I was in West Yellowstone, in the state of Montana just west of the national park. I wanted to visit the Grizzly and Wolf Discovery Center, a not- for-profit wildlife education centre.

Yellowstone is famous for its rugged natural beauty, cascading waterfalls, sky-high mountains and rocky cliff faces. It’s also home to many animals and birds, including wolves, bison, and of course, grizzly bears.

Native American people have lived in the Yellowstone National Park for over 11,000 years, so there are plenty of historical sites there as well.

High up in the Yellowstone mountain areas grow the whitebark pine trees, an iconic symbol of Yellowstone. I had heard that they were dying off in mass amounts. I thought the Discovery Center would help shed some light on this for me.

The Discovery Center was a great experience, and an awesome way for me to see the wolves and grizzly bears up close — but safely. I admired the commitment the staff had to conservation: they were working on lots of programs.

Another animal I saw there was the bald eagle, the symbol of America.

I hadn’t realised what dire times this magnificent bird had been through as well. It was an endangered species once upon a time. By 1963 it was estimated that there were only around 400 nesting pairs in the whole of the contiguous or ‘lower’ 48 states, that is to say, in the USA apart from Alaska and Hawai‘i. Some of the most significant reasons for the loss of bald eagle population at that time were chemicals in pesticides such as DDT — given prominence in Rachel L. Carson’s 1962 environmental classic Silent Spring, which prophesied a world without birdsong because the birds had perished from the effects of the over-use of pesticides — oil spills, deforestation and the general presence of humans. Since the early 1960s the numbers of bald eagles have recovered greatly, however, and they were removed from the list of endangered species in 2007.

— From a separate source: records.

(* Let $\mathbb{K}\in\{\mathbb{Q},\mathbb{R},\mathbb{C}\}$, let $d\ge 0$ and $a$ be integers, and put $r:=-(a+d)$ (the degree). Let $H(t)=\sum_{i=0}^\infty \gamma_i (1-t)^{i-d}$, $\gamma_i\in\mathbb{K}$, be a formal Laurent series around $t=1$ of pole order at most $d$, and stipulate $\gamma_i=0$ for $i<0$. Then $H$ satisfies the functional equation $$H(t^{-1})=(-1)^d t^{-a}H(t)$$ if and only if the following conditions hold. If $r$ is even, then for each $m\ge 1$: $$\sum_{i=0}^{m-1}(-1)^i\binom{m-1}{i}\gamma_{m-r+i}=0. \qquad (\mathrm{A})$$ If $r>0$ is odd, then for each $m\ge 1$: $$\sum_{i=0}^{m}(-1)^i\binom{2m+r-2}{m-i}\binom{m+i}{i}\gamma_{m+i-1}=0. \qquad (\mathrm{B})$$ If $r<0$ (of either parity), then for each $1\le m\le \lceil -r/2\rceil$: $$\sum_{i=0}^{m}\binom{m}{i}\binom{1-r}{m+i}^{-1}\gamma_{m+i-1}=0, \qquad (\mathrm{C})$$ and moreover, if $r<0$ is odd, then for each $m\ge1$: $$\sum_{i=0}^{m}(-1)^i\binom{m}{i}\frac{m+i}{m}\gamma_{m-r+i}=0. \qquad (\mathrm{D})$$ (Thus for $r<0$ even the conditions are (A) for all $m\ge1$ together with (C); for $r<0$ odd they are (C) together with (D).)
   Context: The functional equation is understood as an identity of formal Laurent series in $u=1-t$: one substitutes $t=1-u$, $t^{-1}=\sum_{j\ge0}u^j$, $1-t^{-1}=-u/(1-u)$, so that $H(t^{-1})=\sum_i\gamma_i\left(-u/(1-u)\right)^{i-d}$, and $t^{-a}=(1-u)^{-a}$ is expanded as a power series in $u$. *)

theory Defs
  imports Complex_Main "HOL-Computational_Algebra.Formal_Laurent_Series"
begin

text \<open>All series are formal Laurent series in the variable u = 1 - t.\<close>

definition H_ser :: "nat \<Rightarrow> (nat \<Rightarrow> 'a::field) \<Rightarrow> 'a fls" where
  "H_ser d \<gamma> = fls_X powi (- int d) * fps_to_fls (Abs_fps \<gamma>)"

text \<open>The substitution t -> t^(-1) in terms of u: u -> 1 - 1/(1-u) = -u/(1-u).\<close>
definition u_inv_sub :: "'a::field fps" where
  "u_inv_sub = - fps_X * inverse (1 - fps_X)"

definition func_eq :: "nat \<Rightarrow> int \<Rightarrow> (nat \<Rightarrow> 'a::field) \<Rightarrow> bool" where
  "func_eq d a \<gamma> \<longleftrightarrow>
     fls_compose_fps (H_ser d \<gamma>) u_inv_sub
       = (-1) ^ d * (fps_to_fls (1 - fps_X)) powi (- a) * H_ser d \<gamma>"

definition gam :: "(nat \<Rightarrow> 'a::zero) \<Rightarrow> int \<Rightarrow> 'a" where
  "gam \<gamma> i = (if i < 0 then 0 else \<gamma> (nat i))"

definition condA :: "int \<Rightarrow> (nat \<Rightarrow> 'a::field) \<Rightarrow> nat \<Rightarrow> bool" where
  "condA r \<gamma> m \<longleftrightarrow>
     (\<Sum>i=0..m-1. (-1) ^ i * of_nat ((m-1) choose i) * gam \<gamma> (int m - r + int i)) = 0"

definition condB :: "int \<Rightarrow> (nat \<Rightarrow> 'a::field) \<Rightarrow> nat \<Rightarrow> bool" where
  "condB r \<gamma> m \<longleftrightarrow>
     (\<Sum>i=0..m. (-1) ^ i * of_nat (nat (2 * int m + r - 2) choose (m - i))
        * of_nat ((m + i) choose i) * gam \<gamma> (int m + int i - 1)) = 0"

definition condC :: "int \<Rightarrow> (nat \<Rightarrow> 'a::field) \<Rightarrow> nat \<Rightarrow> bool" where
  "condC r \<gamma> m \<longleftrightarrow>
     (\<Sum>i=0..m. of_nat (m choose i) / of_nat (nat (1 - r) choose (m + i))
        * gam \<gamma> (int m + int i - 1)) = 0"

definition condD :: "int \<Rightarrow> (nat \<Rightarrow> 'a::field) \<Rightarrow> nat \<Rightarrow> bool" where
  "condD r \<gamma> m \<longleftrightarrow>
     (\<Sum>i=0..m. (-1) ^ i * of_nat (m choose i) * (of_nat (m + i) / of_nat m)
        * gam \<gamma> (int m - r + int i)) = 0"

definition degree_conditions :: "nat \<Rightarrow> int \<Rightarrow> (nat \<Rightarrow> 'a::field) \<Rightarrow> bool" where
  "degree_conditions d a \<gamma> \<longleftrightarrow>
     (let r = - (a + int d) in
       (even r \<longrightarrow> (\<forall>m\<ge>1. condA r \<gamma> m)) \<and>
       (r > 0 \<and> odd r \<longrightarrow> (\<forall>m\<ge>1. condB r \<gamma> m)) \<and>
       (r < 0 \<longrightarrow> (\<forall>m. 1 \<le> m \<and> int m \<le> \<lceil>real_of_int (- r) / 2\<rceil> \<longrightarrow> condC r \<gamma> m)) \<and>
       (r < 0 \<and> odd r \<longrightarrow> (\<forall>m\<ge>1. condD r \<gamma> m)))"

end

theory Submission
  imports Defs
begin
(* Let $(G,Y)$ be a $C$-group and let $S(G,Y)$ be its factorization semigroup with product homomorphism $\alpha_G:S(G,Y)\to G$. Two elements $s_1,s_2\in S(G,Y)$ are equivalent if and only if $\alpha_G(s_1)=\alpha_G(s_2)$.
   Context: An equipped group is a pair $(G,O)$ where $G$ is a group and $O\subset G$ is a union of finitely many conjugacy classes of $G$ with $1\notin O$. A $C$-group is an equipped group $(G,Y)$ such that $G$ admits a presentation whose generators are the elements of $Y$ and all of whose defining relations have the form $z^{-1}yz=y'$ with $y,y',z\in Y$. The factorization semigroup $S(G,O)$ is the semigroup generated by symbols $x_g$, $g\in O$, subject to the relations $x_{g_1}x_{g_2}=x_{g_2}x_{g_2^{-1}g_1g_2}=x_{g_1g_2g_1^{-1}}x_{g_1}$ for all $g_1,g_2\in O$; the product homomorphism $\alpha_G:S(G,O)\to G$ is given by $x_g\mapsto g$. Two elements $s_1,s_2$ of a semigroup $S$ are called equivalent if there exist $s_3,s_4\in S$ with $s_3s_1s_4=s_3s_2s_4$. *)

theory Defs
  imports "HOL-Algebra.Group"
begin

definition conj_class :: "('a, 'b) monoid_scheme \<Rightarrow> 'a \<Rightarrow> 'a set" where
  "conj_class G g = {h \<otimes>\<^bsub>G\<^esub> g \<otimes>\<^bsub>G\<^esub> inv\<^bsub>G\<^esub> h | h. h \<in> carrier G}"

definition equipped_group :: "('a, 'b) monoid_scheme \<Rightarrow> 'a set \<Rightarrow> bool" where
  "equipped_group G Ob \<longleftrightarrow> group G \<and> Ob \<subseteq> carrier G \<and> \<one>\<^bsub>G\<^esub> \<notin> Ob \<and>
     (\<exists>F. finite F \<and> F \<subseteq> carrier G \<and> Ob = (\<Union>g\<in>F. conj_class G g))"

text \<open>Letters are pairs (y, b): b = True means y, b = False means y inverse.\<close>
definition letter_val :: "('a, 'b) monoid_scheme \<Rightarrow> 'a \<times> bool \<Rightarrow> 'a" where
  "letter_val G l = (if snd l then fst l else inv\<^bsub>G\<^esub> (fst l))"

definition word_val :: "('a, 'b) monoid_scheme \<Rightarrow> ('a \<times> bool) list \<Rightarrow> 'a" where
  "word_val G w = foldr (\<lambda>l x. letter_val G l \<otimes>\<^bsub>G\<^esub> x) w \<one>\<^bsub>G\<^esub>"

text \<open>The congruence on words in Y^{+-1} generated by free cancellation and by
  the relators z^{-1} y z = y' for (y, y', z) in R; words modulo this congruence
  form the group with presentation < Y | R >.\<close>
inductive pres_eq :: "'a set \<Rightarrow> ('a \<times> 'a \<times> 'a) set \<Rightarrow> ('a \<times> bool) list \<Rightarrow> ('a \<times> bool) list \<Rightarrow> bool"
  for Y R where
  pres_refl: "pres_eq Y R w w"
| pres_sym: "pres_eq Y R v w \<Longrightarrow> pres_eq Y R w v"
| pres_trans: "pres_eq Y R u v \<Longrightarrow> pres_eq Y R v w \<Longrightarrow> pres_eq Y R u w"
| pres_ctxt: "pres_eq Y R v w \<Longrightarrow> pres_eq Y R (u @ v @ x) (u @ w @ x)"
| pres_cancel: "y \<in> Y \<Longrightarrow> pres_eq Y R [(y, b), (y, \<not> b)] []"
| pres_rel: "(y, y', z) \<in> R \<Longrightarrow> pres_eq Y R [(z, False), (y, True), (z, True)] [(y', True)]"

text \<open>G has the presentation < Y | R > (with generators mapped identically):
  Y generates G and the canonical map from < Y | R > to G is a well-defined
  bijection, i.e. two words have the same value in G iff they are equal in < Y | R >.\<close>
definition presents :: "('a, 'b) monoid_scheme \<Rightarrow> 'a set \<Rightarrow> ('a \<times> 'a \<times> 'a) set \<Rightarrow> bool" where
  "presents G Y R \<longleftrightarrow>
     Y \<subseteq> carrier G \<and>
     carrier G = word_val G ` lists (Y \<times> UNIV) \<and>
     (\<forall>v \<in> lists (Y \<times> UNIV). \<forall>w \<in> lists (Y \<times> UNIV).
        word_val G v = word_val G w \<longleftrightarrow> pres_eq Y R v w)"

All of this was fascinating to learn about, and well worth the drive to visit. It did make me want to find out if I could see any bald eagles in the wild, so I headed toward Lamar Valley.

Lamar Valley is a significant part of the Yellowstone National Park for wildlife. It supports a vast number of animals and bird life living in the park, including elk, bison, wolves, bears and the Bald eagle.

And so, I continued on to the Lamar Valley and its wildlife. Hopefully, I thought, I will see some of the animals and get some good photos! And I did! But fortunately, before I left through the North Entrance and its historic Roosevelt Arch (named after Theodore Roosevelt, not the other one), I came across the Mammoth Hot Springs, where silica terraces reminded me of the fabled Pink and White Terraces of New Zealand’s Rotorua Region.

The latter were briefly a Yellowstone-like tourist attraction until a huge volcanic eruption buried them in 1886. The risk of volcanic eruptions is something that goes with this sort of geothermal territory in New Zealand and America alike.

I should add, by the way, that the Mammoth Hot Springs were only a part of Yellowstone’s geothermal wonderland, other parts of which, as with Rotorua, are more colourful: painted rainbow colours by red and green algae, yellow sulfur, and clear blue water.

So, get in and see those sights while they are there, they might not be there next year!